It was on the ride to work when I realized I’d made a huge mistake. In my rush to beat traffic and grab coffee before the shoot, I had forgotten my earphones. For most people, that’s nothing. For me and my anxiety, it felt like a small disaster. Music or a podcast had always been my shield, softening the edges of the outside world.
But silence has its own agenda. Fidgeting in the back seat, avoiding small talk with a driver who seemed just as happy to stay quiet, I let the stillness settle in. That’s when the ghosts show up. Not the kind draped in white sheets, but the ones you already know: the trip you keep postponing, the words you never say, the friendships you let drift. Sometimes it’s the ghost of the blank page you’ve been avoiding, quietly judging you from your desk.
That morning, my ghost was what could be: the life I might have had if we had stayed in Europe.
Over the past seven years of marriage, my husband and I have lived in the Philippines, Cyprus, and Germany. We first left for Cyprus, returned to the Philippines when my mother became ill, then found ourselves back in Cyprus before finally moving to Germany for my husband’s job. At the time, it felt like the right choice: a chance to live in central Europe, travel with ease, and open the door to new experiences. But by then, our son was with us, and each move carried more weight. Living abroad no longer meant simply adjusting to a new place; it also meant being far from family, missing milestones, and raising him without the everyday presence of people who loved him.

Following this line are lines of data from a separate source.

(* Let $\succsim=(\succsim_i)_{i\in I}$ be a profile of marginal preferences and let $\mu\in\mathcal M$ be a matching. Then $\mu$ is unambiguously individually rational at $\succsim$ if and only if $\mu$ is component-wise individually rational at $\succsim$.
   Context: Setup. $I=\{1,\dots,n\}$ is a finite set of agents and $O$ a finite set of objects. Each agent $i$ is endowed with a nonempty set $\Omega_i\subseteq O$; the sets $\Omega_i$ are pairwise disjoint and $\bigcup_{i\in I}\Omega_i=O$. A matching is a map $\mu:I\to 2^O$ with $\mu(i)\cap\mu(j)=\emptyset$ for $i\neq j$ and $|\mu(i)|=|\Omega_i|$ for every $i$; $\mathcal M$ is the set of matchings, and $\Omega$ also denotes the endowment matching $i\mapsto\Omega_i$. Agent $i$'s consumption set is $\mathcal X_i=\{X\subseteq O:|X|=|\Omega_i|\}$; a preference of $i$ is a complete, transitive, reflexive relation $R_i$ on $\mathcal X_i$ with strict part $P_i$. A marginal preference of $i$ is a weak order $\succsim_i$ on $O$ (strict part $\succ_i$). $R_i$ is responsive to $\succsim_i$ if for all $o,p\in O$ and all $Q\in\mathcal X_i$ with $o\in Q$, $p\notin Q$: $Q\mathrel{R_i}(Q\setminus\{o\})\cup\{p\}$ iff $o\succsim_i p$. Given a profile $R$, $\mu$ is individually rational at $R$ if $\mu(i)\mathrel{R_i}\Omega_i$ for all $i$; $\mu'$ Pareto-improves $\mu$ if $\mu'(i)\mathrel{R_i}\mu(i)$ for all $i$ and $\mu'(i)\mathrel{P_i}\mu(i)$ for some $i$; $\mu$ is Pareto-efficient if no matching Pareto-improves it. Given a profile $\succsim$ of marginal preferences, $\mu$ is unambiguously individually rational if it is individually rational at every profile $R$ such that each $R_i$ is responsive to $\succsim_i$. The matching $\mu$ is component-wise individually rational at $\succsim$ if for every $i\in I$ and every $\omega\in\Omega_i$, $|\{o\in\mu(i):o\succsim_i\omega\}|\ \ge\ |\{o\in\Omega_i:o\succsim_i\omega\}|$. *)

theory Defs
  imports Main
begin

text \<open>Marginal preferences: m i o p means o \<succsim>_i p.
  Preferences: R i X Y means X R_i Y (on bundles).\<close>

definition weak_order_on :: "'a set \<Rightarrow> ('a \<Rightarrow> 'a \<Rightarrow> bool) \<Rightarrow> bool" where
  "weak_order_on A r \<longleftrightarrow>
     (\<forall>x\<in>A. r x x) \<and>
     (\<forall>x\<in>A. \<forall>y\<in>A. r x y \<or> r y x) \<and>
     (\<forall>x\<in>A. \<forall>y\<in>A. \<forall>z\<in>A. r x y \<longrightarrow> r y z \<longrightarrow> r x z)"

definition endowment_economy :: "'i set \<Rightarrow> 'o set \<Rightarrow> ('i \<Rightarrow> 'o set) \<Rightarrow> bool" where
  "endowment_economy I Obj Omega \<longleftrightarrow>
     finite I \<and> finite Obj \<and>
     (\<forall>i\<in>I. Omega i \<noteq> {} \<and> Omega i \<subseteq> Obj) \<and>
     (\<forall>i\<in>I. \<forall>j\<in>I. i \<noteq> j \<longrightarrow> Omega i \<inter> Omega j = {}) \<and>
     (\<Union>i\<in>I. Omega i) = Obj"

definition is_matching :: "'i set \<Rightarrow> 'o set \<Rightarrow> ('i \<Rightarrow> 'o set) \<Rightarrow> ('i \<Rightarrow> 'o set) \<Rightarrow> bool" where
  "is_matching I Obj Omega mu \<longleftrightarrow>
     (\<forall>i\<in>I. mu i \<subseteq> Obj \<and> card (mu i) = card (Omega i)) \<and>
     (\<forall>i\<in>I. \<forall>j\<in>I. i \<noteq> j \<longrightarrow> mu i \<inter> mu j = {})"

definition consumption_set :: "'o set \<Rightarrow> ('i \<Rightarrow> 'o set) \<Rightarrow> 'i \<Rightarrow> 'o set set" where
  "consumption_set Obj Omega i = {X. X \<subseteq> Obj \<and> card X = card (Omega i)}"

definition responsive ::
  "'o set \<Rightarrow> 'o set set \<Rightarrow> ('o set \<Rightarrow> 'o set \<Rightarrow> bool) \<Rightarrow> ('o \<Rightarrow> 'o \<Rightarrow> bool) \<Rightarrow> bool" where
  "responsive Obj X Ri mi \<longleftrightarrow>
     (\<forall>a\<in>Obj. \<forall>p\<in>Obj. \<forall>Q\<in>X. a \<in> Q \<longrightarrow> p \<notin> Q \<longrightarrow>
        (Ri Q ((Q - {a}) \<union> {p}) \<longleftrightarrow> mi a p))"
(* Let $x\in\mathbb{R}^d$ be any vector, $M\in\mathbb{R}^{n\times n}$ any matrix, and $A$ a random $n\times d$ matrix with i.i.d.\ $N(0,1)$ entries. For any $\eta\in(0,1/2)$, $$\Pr\Big( \|A^\top M A x\|_2 \le \|M\|_F\cdot\|x\|_2\cdot\sqrt{\tfrac{(d-1)\pi}{8n}}\cdot \eta^{1+1/(d-1)}\Big) \;\le\; 2\eta .$$
   Context: $\|\cdot\|_F$ denotes the Frobenius norm and $\pi = 3.14159\ldots$. *)

theory Defs
  imports "HOL-Probability.Probability"
begin

text \<open>Matrices are functions on index pairs, vectors functions on indices (0-based).\<close>

definition gaussian_matrix :: "nat \<Rightarrow> nat \<Rightarrow> (nat \<times> nat \<Rightarrow> real) measure" where
  "gaussian_matrix n d = PiM ({..<n} \<times> {..<d}) (\<lambda>_. std_normal_distribution)"

definition vec_norm :: "nat \<Rightarrow> (nat \<Rightarrow> real) \<Rightarrow> real" where
  "vec_norm d x = sqrt (\<Sum>j<d. (x j)\<^sup>2)"

definition frob_norm :: "nat \<Rightarrow> (nat \<Rightarrow> nat \<Rightarrow> real) \<Rightarrow> real" where
  "frob_norm n M = sqrt (\<Sum>i<n. \<Sum>j<n. (M i j)\<^sup>2)"

definition AtMAx :: "nat \<Rightarrow> nat \<Rightarrow> (nat \<times> nat \<Rightarrow> real) \<Rightarrow> (nat \<Rightarrow> nat \<Rightarrow> real)
    \<Rightarrow> (nat \<Rightarrow> real) \<Rightarrow> nat \<Rightarrow> real" where
  "AtMAx n d A M x = (\<lambda>k. \<Sum>i<n. \<Sum>l<n. A (i, k) * M i l * (\<Sum>j<d. A (l, j) * x j))"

Germany was exciting at first. We explored new neighborhoods, sampled food from all over the world, and wandered through Christmas markets that looked like they belonged in storybooks. But the charm began to fade. There were days when navigating life there made us feel like children on our first day of school, unsure of the rules, and fumbling through the simplest tasks. For our son, who was still figuring out the world, it was even harder. The cold was relentless, the language barrier turned simple errands into drawn-out challenges, and even the most ordinary tasks sometimes felt like mini-adventures you weren’t always in the mood for. Loneliness crept in quietly, despite the beauty.
When we decided to return to the Philippines, the reactions were mixed. Some were surprised, others disappointed, and a few warned us we’d regret it. More than once, I heard, “Sayang, tiisin niyo na lang.” But over a year later, I see what we’ve gained.
Now, I wake up to the steady hum of the electric fan, sunlight spilling through the curtains and warming my face. I can have sinigang for lunch without hunting for specialty stores. I hear my language everywhere and smile when my husband earns a few laughs for his “po” and “opo.” My son plays tag with the building guards, plays in the park with his cousins, and is surrounded by the noise and warmth of family. The markets are full of food that tastes like home, and the rhythm of life here feels familiar in a way that settles you.
Still, the ghost visits. I think of crisp autumn mornings, bread from our favorite Bäckerei, and the steady rhythm of trams and trains. I remember long walks through streets lined with old buildings, the hush of a city on Sunday mornings—and yes, the health insurance!
The ghost of what could be is the most seductive one of all. It stitches together the best pieces of a place and quietly deletes the hard parts. It remembers selectively.
There are other ghosts too: the job interview I couldn’t show up for, the city I left without saying goodbye, the version of myself that might have thrived somewhere else. And always, the blank page. But ghosts don’t give answers, they only ask questions.
That morning, without my earphones, I had no choice but to sit with the silence and let the ghosts visit. Maybe that’s the point. Every so often, we need to hear them out, then step out of the car, into the day we’ve chosen, and live in the life we have —not the one that might have been.